I watched more new releases during 2017 than I ever have during in any year in the past. It was a mania, driven by a desire to have a truly thorough list to share at the end of the year. There are only a handful of movies I never had access to that might be added to this list later (Phantom Thread is the primary one).

Next year I’ll watch fewer. I think I had to get this kind of cinematic gorging out of my system to understand precisely what film criticism means to me. I’m proud of the experience; I totaled 215 movies released during this year. I only regret about 60 of them. 2017 had few all-timers, but a lot of standout films that tried new things and largely succeeded. 

This list includes:

  • My 11 favorite movies alphabetically
  • 5  honorable mentions
  • A short list of other movies I recommend.
  • 5 great documentaries,
  • 5 disappointments (movies I had high hopes for and can appreciate, but with which I did not connect),
  • then my “Top 10” ranking for tradition’s sake.
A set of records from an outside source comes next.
lemma eigenvalue_norm_le_1: assumes Y: "Y \<in> carrier_mat n n" "Y \<noteq> 0\<^sub>m n n" and eig: "L Y = c \<cdot>\<^sub>m Y"
  shows "cmod c \<le> 1"
proof (rule ccontr)
  assume c: "\<not> cmod c \<le> 1"
  obtain p q where pq: "p < n" "q < n" "Y $$ (p, q) \<noteq> 0" using mat_nonzero_entry[OF Y] by blast
  obtain B where B: "\<And>k. cmod ((L ^^ k) Y $$ (p, q)) \<le> B" using power_bounded_entry[OF Y(1) pq(1,2)] by blast
  obtain k where k: "B / cmod (Y $$ (p, q)) < cmod c ^ k"
    using real_arch_pow[of "cmod c" "B / cmod (Y $$ (p, q))"] c by auto
  have "cmod ((L ^^ k) Y $$ (p, q)) = cmod c ^ k * cmod (Y $$ (p, q))"
    using funpow_eigenvector[OF L Y(1) eig] pq Y(1) by (simp add: norm_mult norm_power)
  moreover have "B < cmod c ^ k * cmod (Y $$ (p, q))" using k pq(3) by (simp add: field_simps)
  ultimately show False using B[of k] by simp
qed

text \<open>At a unimodular eigenvalue a Jordan chain of length two would make \<open>L\<^sup>k Y\<close> grow linearly in \<open>k\<close>.\<close>

lemma unimodular_jordan_chain_trivial: assumes c: "cmod c = 1" and Y: "Y \<in> carrier_mat n n"
  and chain: "L (L Y - c \<cdot>\<^sub>m Y) - c \<cdot>\<^sub>m (L Y - c \<cdot>\<^sub>m Y) = 0\<^sub>m n n"
  shows "L Y - c \<cdot>\<^sub>m Y = 0\<^sub>m n n"
proof (rule ccontr)
  define W where "W = L Y - c \<cdot>\<^sub>m Y"
  have WC: "W \<in> carrier_mat n n" using Y unfolding W_def by (simp add: minus_carrier_mat)
  assume "L Y - c \<cdot>\<^sub>m Y \<noteq> 0\<^sub>m n n"
  then obtain p q where pq: "p < n" "q < n" "W $$ (p, q) \<noteq> 0"
    using mat_nonzero_entry[OF WC] unfolding W_def by blast
  have LW: "L W = c \<cdot>\<^sub>m W" using chain lin_map_shift_eq_0_iff[OF L WC] unfolding W_def by simp
  obtain B where B: "\<And>k. cmod ((L ^^ k) Y $$ (p, q)) \<le> B" using power_bounded_entry[OF Y pq(1,2)] by blast
  obtain k :: nat where k: "(B + cmod (Y $$ (p, q))) / cmod (W $$ (p, q)) < of_nat k"
    using reals_Archimedean2 by blast
  have "of_nat k * c ^ (k - 1) * W $$ (p, q) = (L ^^ k) Y $$ (p, q) - c ^ k * Y $$ (p, q)"
    using funpow_jordan_chain[OF L Y W_def LW] pq Y WC by simp
  hence "cmod (of_nat k * c ^ (k - 1) * W $$ (p, q)) \<le> cmod ((L ^^ k) Y $$ (p, q)) + cmod (c ^ k * Y $$ (p, q))"
    by (metis norm_triangle_ineq4)
  hence "of_nat k * cmod (W $$ (p, q)) \<le> cmod ((L ^^ k) Y $$ (p, q)) + cmod (c ^ k * Y $$ (p, q))"
    using c by (simp add: norm_mult norm_power)
  also have "\<dots> \<le> B + cmod (Y $$ (p, q))" using B[of k] c by (simp add: norm_mult norm_power)
  finally show False using k pq(3) by (simp add: field_simps)
qed

lemma unimodular_gen_eigenspace_eigenvector: assumes c: "cmod c = 1" and Z: "Z \<in> gen_eigenspace n L c"
  shows "L Z = c \<cdot>\<^sub>m Z"
proof -
  let ?phi = "\<lambda>Y. L Y - c \<cdot>\<^sub>m Y"
  have ZC: "Z \<in> carrier_mat n n" and Zg: "(?phi ^^ (n * n)) Z = 0\<^sub>m n n"
    using Z unfolding gen_eigenspace_def by auto
  have "(?phi ^^ Suc j) Z = 0\<^sub>m n n \<Longrightarrow> ?phi Z = 0\<^sub>m n n" for j
  proof (induction j)
    case (Suc j)
    have "(?phi ^^ j) Z \<in> carrier_mat n n" by (rule lin_mapD(1)[OF lin_map_funpow[OF lin_map_shift[OF L]] ZC])
    thus ?case using Suc unimodular_jordan_chain_trivial[OF c] by simp
  qed simp
  moreover have "n * n = 0 \<Longrightarrow> ?phi Z = 0\<^sub>m n n" using ZC by (auto intro!: eq_matI)
  ultimately have "?phi Z = 0\<^sub>m n n" using Zg by (cases "n * n") auto
  thus ?thesis using lin_map_shift_eq_0_iff[OF L ZC] by simp
qed

lemma gen_eigenspace_norm_le_1: assumes Z: "Z \<in> gen_eigenspace n L c" and Z0: "Z \<noteq> 0\<^sub>m n n"
  shows "cmod c \<le> 1"
proof -
  let ?phi = "\<lambda>Y. L Y - c \<cdot>\<^sub>m Y"
  have ZC: "Z \<in> carrier_mat n n" and Zg: "(?phi ^^ (n * n)) Z = 0\<^sub>m n n"
    using Z unfolding gen_eigenspace_def by auto
  \<comment> \<open>the last nonzero iterate of \<open>L - c\<close> on \<open>Z\<close> is an eigenvector\<close>
  have "(?phi ^^ k) Z = 0\<^sub>m n n \<Longrightarrow> \<exists>Y \<in> carrier_mat n n. Y \<noteq> 0\<^sub>m n n \<and> ?phi Y = 0\<^sub>m n n" for k
  proof (induction k)
    case (Suc k)
    have "(?phi ^^ k) Z \<in> carrier_mat n n" by (rule lin_mapD(1)[OF lin_map_funpow[OF lin_map_shift[OF L]] ZC])
    thus ?case using Suc by (cases "(?phi ^^ k) Z = 0\<^sub>m n n") auto
  qed (use Z0 in simp)
  then obtain Y where "Y \<in> carrier_mat n n" "Y \<noteq> 0\<^sub>m n n" "?phi Y = 0\<^sub>m n n" using Zg by blast
  thus ?thesis using eigenvalue_norm_le_1 lin_map_shift_eq_0_iff[OF L] by blast
qed

lemma peripheral_subspace_eq_peripheral_span: "peripheral_subspace n L = peripheral_span n L"
proof -
  have "{X \<in> carrier_mat n n. \<exists>c. cmod c = 1 \<and> L X = c \<cdot>\<^sub>m X} = (\<Union>c\<in>{c. cmod c = 1}. gen_eigenspace n L c)"
    using eigenvector_in_gen_eigenspace[OF L] unimodular_gen_eigenspace_eigenvector gen_eigenspace_carrier
    by blast
  thus ?thesis unfolding peripheral_subspace_def by simp
qed

end

section \<open>Kronecker products and tensor products of linear maps\<close>

lemma mat_kron_dims[simp]:
  "dim_row (mat_kron A B) = dim_row A * dim_row B" "dim_col (mat_kron A B) = dim_col A * dim_col B"
  unfolding mat_kron_def by auto

lemma mat_kron_carrier: "A \<in> carrier_mat d d \<Longrightarrow> B \<in> carrier_mat d' d' \<Longrightarrow> mat_kron A B \<in> carrier_mat (d * d') (d * d')"
  unfolding mat_kron_def by auto

lemma mat_kron_index: assumes "A \<in> carrier_mat d d" "B \<in> carrier_mat d' d'" "p < d * d'" "q < d * d'"
  shows "mat_kron A B $$ (p, q) = A $$ (p div d', q div d') * B $$ (p mod d', q mod d')"
  using assms unfolding mat_kron_def by auto

lemma mat_kron_add_left: assumes "A1 \<in> carrier_mat d d" "A2 \<in> carrier_mat d d" "B \<in> carrier_mat d' d'"
  shows "mat_kron (A1 + A2) B = mat_kron A1 B + mat_kron A2 B"
  using assms index_div_mod_less
  by (intro eq_matI) (auto simp: mat_kron_index[of _ d _ d'] algebra_simps)

lemma mat_kron_smult_left: assumes "A \<in> carrier_mat d d" "B \<in> carrier_mat d' d'"
  shows "mat_kron (a \<cdot>\<^sub>m A) B = a \<cdot>\<^sub>m mat_kron A B"
  using assms index_div_mod_less by (intro eq_matI) (auto simp: mat_kron_index[of _ d _ d'])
As always my writing home is here at Midwest Film Journal, I contribute on occasion to TheFilmYap.com, and you can also find me on letterboxd.com, where I have a running “ranking” each year.

My Favorites

A Ghost Story

A Ghost Story pissed me off. Contemplation came later. It has stuck with me longer than any other movie this year. It could be David Lowery’s solid pacing — all empathy, no rush. It could also be Daniel Hart’s haunting score, which I have listened to all year. The movie has some glaring flaws (which I ranted about at length in my review, shared below), but the audacity of what Lowery wants to convey, and how, is astounding. My wife’s grandmother, whom I loved, died close to the release of this movie, and in the weeks that followed we spent a lot of time in her house, which is now owned by my in-laws. I’m not saying A Ghost Story perfectly captures that personal experience or anything, but I think it tried harder than most to create a language for conveying it.

You can read my full review here.

 

Blade Runner 2049

I had a dream about Blade Runner 2049 this year, between my second and third theatrical viewings. The dream was simply a sequence from the movie. I was crying. It was early in the movie when Joi, an AI hologram “woman,” and K, a synthetic “man,” stand silently in the night rain. Drops of water ripple off her artificial form. She leans in to kiss. He tells her she doesn’t have to; she says she wants to. Does she want to? Does he want to? Are they programmed to feel attracted to each other? Does it matter? I cried in the theater, but to cry again in a dream? The original Blade Runner made its final statement about memory a rooftop in the rain, which is where 2049 starts questioning it. Denis Villeneuve’s masterpiece is a multi-layered epic about what it means to be human, in a story experienced by beings whose agency as ‘human’ is fundamentally unclear. It harkens back to classic science-fiction novels of the 1950s and ’60s, but don’t fear not: It understands where those are found wanting by today’s standards and tackles those questions, too. This is my favorite movie of 2017.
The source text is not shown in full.